Bonus: if you want autocompletion for the jump and unmark commands, just add
the following lines (in zsh):

    
    
        function _marks {
          reply=($(ls $MARKPATH))
        }
        compctl -K _marks jump
        compctl -K _marks unmark

------
m-r-r
I don't understand the advantage of using handwritten function instead of the
shell builtins.
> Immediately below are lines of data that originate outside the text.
(* Suppose A1–A3 and A4' hold and let $\{x_k\}$ be generated by Algorithm 1. Let $k_1=n_0(\kappa_c/2)$, where for $\delta>0$, $n_0(\delta)=\min\{n\in\mathbb{N}:\ \nu_k\le\delta\|\nabla f(x_k)\|^2\ \text{for all } k\ge n\}$ (well defined by A4'). Then for every $\epsilon>0$ the set $\Omega_\epsilon=\{k\in\mathbb{N}:\ \|\nabla f(x_k)\|>\epsilon\}$ is finite and $$|\Omega_\epsilon|\le k_1+\left[\frac{2\left(f(x_0)-f_{low}+\sum_{i=0}^{k_1-1}\nu_i\right)}{\kappa_c}\right]\epsilon^{-2}.$$
   Context: Let $(X,\langle\cdot,\cdot\rangle)$ be a real Hilbert space with induced norm $\|\cdot\|$, and $f:X\to\mathbb{R}$ Fréchet differentiable with gradient $\nabla f$. Algorithm 1 (general non-monotone descent algorithm): parameters $x_0\in X$, $\alpha_0>0$, $\beta,\rho\in(0,1)$. For $k=0,1,2,\dots$: choose $d_k\in X$ with $\langle\nabla f(x_k),d_k\rangle<0$; then for $l=0,1,2,\dots$ choose a number $\nu_{k,l}\ge 0$ and test $$f(x_k+\alpha_k\beta^l d_k)\le f(x_k)+\rho\alpha_k\beta^l\langle\nabla f(x_k),d_k\rangle+\nu_{k,l};$$ let $l_k$ be the first $l$ for which this holds, set $\nu_k:=\nu_{k,l_k}$, $x_{k+1}=x_k+\alpha_k\beta^{l_k}d_k$ and $\alpha_{k+1}=\alpha_k\beta^{l_k-1}$. It is assumed the algorithm generates infinite sequences (all $l_k$ finite). Assumptions: A1: $\nabla f$ is Lipschitz continuous with constant $L>0$. A2: there is $f_{low}\in\mathbb{R}$ with $f(x)\ge f_{low}$ for all $x\in X$. A3: there are constants $c_1,c_2>0$ with $\langle\nabla f(x_k),d_k\rangle\le -c_1\|\nabla f(x_k)\|^2$ and $\|d_k\|\le c_2\|\nabla f(x_k)\|$ for all $k$. A4': $\nu_k=o(\|\nabla f(x_k)\|^2)$, i.e. for every $\delta>0$ there is $n\in\mathbb{N}$ with $\nu_k\le\delta\|\nabla f(x_k)\|^2$ for all $k\ge n$. Constant: $\kappa_c=\min\left\{\rho\beta\alpha_0c_1,\ \frac{2\beta\rho(1-\rho)c_1^2}{Lc_2^2}\right\}$. *)

theory Defs
  imports "HOL-Analysis.Analysis"
begin

end

theory Submission
  imports Defs
begin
The `mark` function could be replaced by `alias -g`, `jump`
could be replaced by `cd` and `unmark` could be replaced by `unalias` :

    
    
        % cd ~/Dev/W3/m-r-r.github.io
        % alias -g :blog="$PWD"
        % jekyll build -d /tmp/out/ && cd /tmp/out
        % ./index.html
        % cd :blog
        % pwd
        /home/m-r-r/Dev/W3/m-r-r.github.io
        % alias -g
        :blog='/home/m-r-r/Dev/W3/m-r-r.github.io'
        :dev='/home/m-r-r/Dev'
        :c='/home/m-r-r/Dev/C'
        :python='/home/m-r-r/Dev/Python'
        :vim='/home/m-r-r/.vim'
    

In addition, this method works with any shell command:

    
    
        % pwd
        /tmp/out
        % make -C :blog publish
        % git clone git://git.complang.org/ragel.git `echo :c`/ragel
        % vim `echo :vim`/templates/\*.rl
    

On the other side, the aliases are not saved at exit unless you write a
function to do it:

    
    
        % tail -n 15 ~/.zshrc
        function aliases {
            (
                alias -L -r
                alias -L -g
                alias -L -s
            ) | uniq
        } 
    
        function save-aliases {
            aliases > ~/.zsh_aliases
        }
    
        if [ -f ~/.zsh_aliases ]; then 
            . ~/.zsh_aliases
        fi

------
roob
I also do something similar but slightly different:
[https://github.com/roobert/dotfiles/blob/master/.zsh/robs/fu...](https://github.com/roobert/dotfiles/blob/master/.zsh/robs/functions/bookmarks.zsh)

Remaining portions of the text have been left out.